Do Confederate memorials honor soldiers killed in war or memorialize racism?
Showing his characteristic refusal to back down in the face of criticism, President Donald Trump deepened his defense of Confederate war memorials Thursday, sending out a series of messages on Twitter that adopted the language and arguments of white nationalists who have opposed their removal.
And Maine Gov. Paul LePage said Thursday that taking down statues of Confederate figures is “just like” removing a monument to people who died in the 9/11 attacks.
“Sad to see the history and culture of our great country being ripped apart with the removal of our beautiful statues and monuments. You … can’t change history, but you can learn from it. Robert E Lee, Stonewall Jackson – who’s next, Washington, Jefferson? So foolish! Also … the beauty that is being taken out of our cities, towns and parks will be greatly missed and never able to be comparably replaced!” the president wrote in a series of tweets.
Trump’s equation of Lee and Jackson, who took up arms against the Constitution, with Washington and Jefferson adopted one of the major arguments that defenders of the Confederate monuments have made.
Monuments to leaders of the Confederacy were erected across the South, and in some other parts of the country, mostly starting in the early years of the 20th century, as whites fought to prevent black citizens from voting and increased the strictures of segregation, which barred blacks from schools, hotels, restaurants and white sections of trains and other public accommodations.
The placement of the statues and monuments in public squares coincided with the rise of the Ku Klux Klan and the murder of thousands of blacks by lynch mobs in the early decades of the last century.
To blacks, and many white southerners, the statues have long been a symbol of racial oppression. In recent years, the movement to take them down and, in some cases, put them in museums instead of public parks, has gained strength in many southern cities.
Baltimore officials removed their Confederate monuments this week, and the mayor of Richmond, Va., the former Confederate capital, announced Wednesday that his city would begin reviewing its statues.

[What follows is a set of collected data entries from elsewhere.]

lemma sum_multiples_reindex:
  fixes g :: "nat \<Rightarrow> 'a :: comm_monoid_add"
  assumes "b > 0"
  shows "(\<Sum>i=0..n. if b dvd i then g i else 0) = (\<Sum>j\<le>n div b. g (j * b))"
proof -
  have "(\<lambda>j. j * b) ` {..n div b} = {i \<in> {0..n}. b dvd i}"
  proof (intro equalityI subsetI)
    fix i assume "i \<in> {i \<in> {0..n}. b dvd i}"
    then obtain j where "i = j * b" "j * b \<le> n" by (metis atLeastAtMost_iff dvd_def mem_Collect_eq mult.commute)
    then show "i \<in> (\<lambda>j. j * b) ` {..n div b}"
      using assms by (auto simp: less_eq_div_iff_mult_less_eq)
  qed (use assms in \<open>auto simp: less_eq_div_iff_mult_less_eq\<close>)
  moreover have "inj_on (\<lambda>j. j * b) {..n div b}"
    using assms by (auto simp: inj_on_def)
  ultimately have "(\<Sum>j\<le>n div b. g (j * b)) = sum g {i \<in> {0..n}. b dvd i}"
    using sum.reindex[of "\<lambda>j. j * b" "{..n div b}" g] by (simp add: comp_def)
  also have "\<dots> = (\<Sum>i=0..n. if b dvd i then g i else 0)"
    by (rule sum.inter_filter) simp
  finally show ?thesis by simp
qed

lemma multiples_fps_mult_nth:
  assumes "b > 0"
  shows "(multiples_fps b * f) $ n = (\<Sum>j\<le>n div b. f $ (n - j * b))"
proof -
  have "(multiples_fps b * f) $ n = (\<Sum>i=0..n. if b dvd i then f $ (n - i) else 0)"
    unfolding fps_mult_nth by (intro sum.cong) (auto simp: multiples_fps_def)
  then show ?thesis using sum_multiples_reindex[OF assms, of "\<lambda>i. f $ (n - i)"] by simp
qed

lemma weighted_multiples_fps_mult_nth:
  assumes "b > 0"
  shows "(weighted_multiples_fps b * f) $ n = (\<Sum>j\<le>n div b. of_nat j * f $ (n - j * b))"
proof -
  have "(weighted_multiples_fps b * f) $ n =
      (\<Sum>i=0..n. if b dvd i then of_nat (i div b) * f $ (n - i) else 0)"
    unfolding fps_mult_nth by (intro sum.cong) (auto simp: weighted_multiples_fps_def)
  then show ?thesis
    using sum_multiples_reindex[OF assms, of "\<lambda>i. of_nat (i div b) * f $ (n - i)"] assms by simp
qed

lemma multiples_fps_times_one_minus_X_power:
  assumes "b > 0"
  shows "multiples_fps b * (1 - fps_X ^ b) = 1"
proof (rule fps_ext)
  fix n
  have "b dvd n \<longleftrightarrow> n = 0" if "n < b" using that by (auto dest: dvd_imp_le)
  moreover have "b dvd n \<longleftrightarrow> b dvd (n - b)" if "\<not> n < b" using that by (simp add: dvd_minus_self)
  ultimately show "(multiples_fps b * (1 - fps_X ^ b)) $ n = (1 :: int fps) $ n"
    using assms by (cases "n < b")
      (simp_all add: algebra_simps fps_X_power_mult_nth multiples_fps_def)
qed

lemma weighted_multiples_fps_times_one_minus_X_power:
  assumes "b > 0"
  shows "weighted_multiples_fps b * (1 - fps_X ^ b) = positive_multiples_fps b"
proof (rule fps_ext)
  fix n
  have "b dvd n \<longleftrightarrow> n = 0" if "n < b" using that by (auto dest: dvd_imp_le)
  moreover have "b dvd n \<longleftrightarrow> b dvd (n - b)" if "\<not> n < b" using that by (simp add: dvd_minus_self)
  moreover have "n div b = Suc ((n - b) div b)" if "\<not> n < b" using that assms le_div_geq by simp
  ultimately show "(weighted_multiples_fps b * (1 - fps_X ^ b)) $ n = positive_multiples_fps b $ n"
    using assms by (cases "n < b")
      (auto simp: algebra_simps fps_X_power_mult_nth weighted_multiples_fps_def
        positive_multiples_fps_def)
qed

lemma partition_fps_insert:
  assumes "finite B" "0 \<notin> insert b B" "b \<notin> B"
  shows "partition_fps (insert b B) = multiples_fps b * partition_fps B"
  using assms
  by (intro fps_ext) (simp add: multiples_fps_mult_nth partition_fps_def card_partitions_in_insert)

text \<open>A partition using the part \<open>b\<close> exactly \<open>j\<close> times has \<open>j\<close> more parts than its
  restriction to \<open>B\<close>; \<open>weighted_multiples_fps b\<close> records these extra parts.\<close>

lemma parts_fps_insert:
  assumes "finite B" "0 \<notin> insert b B" "b \<notin> B"
  shows "parts_fps (insert b B) =
    multiples_fps b * parts_fps B + weighted_multiples_fps b * partition_fps B"
  using assms
  by (intro fps_ext) (simp add: multiples_fps_mult_nth weighted_multiples_fps_mult_nth
      parts_fps_def partition_fps_def Np_insert sum.distrib)

lemma signed_distinct_partition_fps_insert:
  assumes "finite B" "b \<notin> B" "b > 0"
  shows "signed_distinct_partition_fps (insert b B) = (1 - fps_X ^ b) * signed_distinct_partition_fps B"
  using assms
  by (intro fps_ext) (simp add: algebra_simps fps_X_power_mult_nth signed_distinct_partition_fps_def
      q_even_insert q_odd_insert)

lemma partition_fps_mult_signed_distinct_partition_fps:
  assumes "finite B" "0 \<notin> B"
  shows "partition_fps B * signed_distinct_partition_fps B = 1"
  using assms
proof (induction B rule: finite_induct)
  case empty
  have "partition_fps {} = 1" "signed_distinct_partition_fps {} = 1"
    by (simp_all add: fps_ext partition_fps_def signed_distinct_partition_fps_def
        partitions_in_empty q_even_empty q_odd_empty)
  then show ?case by simp
next
  case (insert b B)
  then have "b > 0" by auto
  have "partition_fps (insert b B) * signed_distinct_partition_fps (insert b B) =
      (multiples_fps b * (1 - fps_X ^ b)) * (partition_fps B * signed_distinct_partition_fps B)"
    using insert \<open>b > 0\<close>
    by (simp add: partition_fps_insert signed_distinct_partition_fps_insert mult_ac)
  then show ?case
    using insert \<open>b > 0\<close> by (simp add: multiples_fps_times_one_minus_X_power)
qed

lemma parts_fps_mult_signed_distinct_partition_fps:
  assumes "finite B" "0 \<notin> B"
  shows "parts_fps B * signed_distinct_partition_fps B = (\<Sum>b\<in>B. positive_multiples_fps b)"
  using assms
proof (induction B rule: finite_induct)
  case empty
  have "parts_fps {} = 0" by (simp add: fps_ext parts_fps_def Np_def partitions_in_empty)
  then show ?case by simp
next
  case (insert b B)
  then have "b > 0" by auto
  have "parts_fps (insert b B) * signed_distinct_partition_fps (insert b B) =
      (multiples_fps b * (1 - fps_X ^ b)) * (parts_fps B * signed_distinct_partition_fps B) +
      (weighted_multiples_fps b * (1 - fps_X ^ b)) * (partition_fps B * signed_distinct_partition_fps B)"
    using insert \<open>b > 0\<close>
    by (simp add: parts_fps_insert signed_distinct_partition_fps_insert algebra_simps)
  then show ?case
    using insert \<open>b > 0\<close>
    by (simp add: multiples_fps_times_one_minus_X_power weighted_multiples_fps_times_one_minus_X_power
        partition_fps_mult_signed_distinct_partition_fps add.commute)
qed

LePage, a Republican, made his comments comparing Confederate statues to the 9/11 memorial during an appearance Thursday morning on WGAN-AM when asked for his reaction to the deadly violence in Charlottesville, Va., over the weekend, reported The Associated Press.
LePage said he condemns “both sides” that demonstrated. He says he finds white nationalist and far-left protesters “equally as bad” and “disgusting.”
LePage said left-wing protesters who want to remove Confederate statues are ignorant of history and want to erase it. He compares them to “the Taliban in Afghanistan” in their desire to remove monuments.
LePage said he didn’t find out about the violence until Tuesday because he doesn’t watch TV or read newspapers.
The Associated Press contributed to this report.